(* Fix $k\in\mathbb{N}$. Suppose $M$ is a matroid that is nearly finitary but not $n$-nearly finitary for any $n\in\mathbb{N}$. Then $M[k]$ is nearly finitary but not $n$-nearly finitary for any $n\in\mathbb{N}$.
   Context: Matroids (possibly infinite): $\emptyset$ independent; subsets of independent sets independent; if $B$ is maximal independent and $A$ non-maximal independent, then $A\cup\{b\}$ is independent for some $b\in B\setminus A$; for independent $A\subseteq X\subseteq E$ there is a maximal independent $S$ with $A\subseteq S\subseteq X$. Bases are maximal independent sets; the rank is the cardinality of a base (infinite cardinalities identified). For a matroid $M=(E,\mathcal{L})$ of rank at least $k$, $M[k]=(E,\mathcal{L}[k])$ with $\mathcal{L}[k]=\{S\in\mathcal{L}:\exists T\in\mathcal{L},\ T\supseteq S,\ |T\setminus S|=k\}$, which is a matroid. The finitarization $M^{\mathrm{fin}}$ has as independent sets those sets all of whose finite subsets are independent in $M$. $M$ is nearly finitary if $F\setminus B$ is finite whenever a base $F$ of $M^{\mathrm{fin}}$ contains a base $B$ of $M$; $n$-nearly finitary if $|F\setminus B|\le n$ for all such pairs. *)

theory Defs
  imports Main
begin

definition maximal_in :: "'a set set \<Rightarrow> 'a set \<Rightarrow> bool" where
  "maximal_in \<I> S \<longleftrightarrow> S \<in> \<I> \<and> (\<forall>T\<in>\<I>. S \<subseteq> T \<longrightarrow> T = S)"

definition matroid :: "'a set \<Rightarrow> 'a set set \<Rightarrow> bool" where
  "matroid E \<I> \<longleftrightarrow>
     (\<forall>S\<in>\<I>. S \<subseteq> E) \<and>
     {} \<in> \<I> \<and>
     (\<forall>S T. T \<in> \<I> \<longrightarrow> S \<subseteq> T \<longrightarrow> S \<in> \<I>) \<and>
     (\<forall>A B. maximal_in \<I> B \<longrightarrow> A \<in> \<I> \<longrightarrow> \<not> maximal_in \<I> A \<longrightarrow>
        (\<exists>b\<in>B - A. insert b A \<in> \<I>)) \<and>
     (\<forall>A X. A \<in> \<I> \<longrightarrow> A \<subseteq> X \<longrightarrow> X \<subseteq> E \<longrightarrow>
        (\<exists>S. A \<subseteq> S \<and> S \<subseteq> X \<and> maximal_in {I \<in> \<I>. I \<subseteq> X} S))"
lemma exists_generic_in_component:
  assumes reg: "regular N E act ex z"
  obtains w where "regular N E act ex w" "component w = component z"
    "pattern_generic w" "face_generic w"
proof -
  define I where "I = Sigma (nodes N) (\<lambda>i. Tgt E i \<times> patterns E i)"
  define P where "P = {(i, s, s'). i \<in> nodes N \<and> s \<in> patterns E i \<and> s' \<in> patterns E i \<and> s \<noteq> s'}"
  define G where "G = (\<lambda>(i, j, s). face_gap i j s) ` I \<union> (\<lambda>(i, s, s'). pattern_gap i s s') ` P"
  have "finite I" unfolding I_def using finite_nodes finite_Tgt finite_patterns by blast
  moreover have "finite P"
    by (rule finite_subset[of _ "Sigma (nodes N) (\<lambda>i. patterns E i \<times> patterns E i)"])
      (auto simp: P_def finite_nodes finite_patterns)
  ultimately have fin: "finite G" by (simp add: G_def)
  have gap_cases: "(\<exists>i j s. f = face_gap i j s \<and> i \<in> nodes N \<and> j \<in> Tgt E i) \<or>
      (\<exists>i s s'. f = pattern_gap i s s' \<and> i \<in> nodes N \<and> s \<in> patterns E i \<and> s' \<in> patterns E i \<and> s \<noteq> s')"
    if f: "f \<in> G" for f
  proof -
    consider (face) x where "x \<in> I" "f = (\<lambda>(i, j, s). face_gap i j s) x"
      | (pattern) x where "x \<in> P" "f = (\<lambda>(i, s, s'). pattern_gap i s s') x"
      using f unfolding G_def by blast
    then show ?thesis
    proof cases
      case face
      then show ?thesis by (cases x rule: prod_cases3) (auto simp: I_def)
    next
      case pattern
      then show ?thesis by (cases x rule: prod_cases3) (auto simp: P_def)
    qed
  qed
  have slopes: "\<exists>\<beta>. slope_along f w \<kappa> \<beta>" if f: "f \<in> G" and \<kappa>: "\<kappa> \<in> directions" for f w \<kappa>
    using gap_cases[OF f]
  proof (elim disjE exE conjE)
    fix i j s assume "f = face_gap i j s" "i \<in> nodes N"
    moreover obtain \<beta> where "slope_along (face_gap i j s) w \<kappa> \<beta>"
      using slope_face_gap[OF \<open>i \<in> nodes N\<close> \<kappa>] by blast
    ultimately show ?thesis by blast
  next
    fix i s s' assume "f = pattern_gap i s s'" "i \<in> nodes N"
    then show ?thesis using slope_pattern_gap[OF \<open>i \<in> nodes N\<close> \<kappa>] by simp
  qed
  have moves: "\<exists>\<kappa>\<in>directions. \<exists>\<beta>. \<beta> \<noteq> 0 \<and> slope_along f w \<kappa> \<beta>"
    if f: "f \<in> G" and pos: "positive_params N E w" for f w
    using gap_cases[OF f]
  proof (elim disjE exE conjE)
    fix i j s assume "f = face_gap i j s" "i \<in> nodes N" "j \<in> Tgt E i"
    then show ?thesis using face_gap_moves[OF _ _ pos] by blast
  next
    fix i s s' assume "f = pattern_gap i s s'" "i \<in> nodes N" "s \<in> patterns E i" "s' \<in> patterns E i" "s \<noteq> s'"
    then show ?thesis using pattern_gap_moves[OF _ _ _ _ pos] by blast
  qed
  obtain w where w: "regular N E act ex w" "component w = component z" "\<forall>f\<in>G. f w \<noteq> 0"
    using exists_nonzero_in_component[OF fin reg slopes moves] by blast
  have "pattern_generic w"
    unfolding pattern_generic_def
  proof (intro ballI impI)
    fix i s s' assume "i \<in> nodes N" "s \<in> patterns E i" "s' \<in> patterns E i" "s \<noteq> s'"
    then have "pattern_gap i s s' \<in> G"
      unfolding G_def P_def by (intro UnI2 image_eqI[where x = "(i, s, s')"]) auto
    then show "Lambda_pat ex w i s \<noteq> Lambda_pat ex w i s'" using w(3) by (auto simp: pattern_gap_def)
  qed
  moreover have "face_generic w"
    unfolding face_generic_def
  proof (intro ballI)
    fix i j s assume "i \<in> nodes N" "j \<in> Tgt E i" "s \<in> patterns E i"
    then have "face_gap i j s \<in> G"
      unfolding G_def I_def by (intro UnI1 image_eqI[where x = "(i, j, s)"]) auto
    then show "w (Ga i) * w (Th j i) \<noteq> Lambda_pat ex w i s" using w(3) by (auto simp: face_gap_def)
  qed
  ultimately show thesis using that w(1,2) by blast
qed

end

----------------

> [What you need to do] Show each line in the entries that holds the string "blast".

> [Answer]
  have "finite I" unfolding I_def using finite_nodes finite_Tgt finite_patterns by blast
      using f unfolding G_def by blast
      using slope_face_gap[OF \<open>i \<in> nodes N\<close> \<kappa>] by blast
    ultimately show ?thesis by blast
    then show ?thesis using face_gap_moves[OF _ _ pos] by blast
    then show ?thesis using pattern_gap_moves[OF _ _ _ _ pos] by blast
    using exists_nonzero_in_component[OF fin reg slopes moves] by blast
  ultimately show thesis using that w(1,2) by blast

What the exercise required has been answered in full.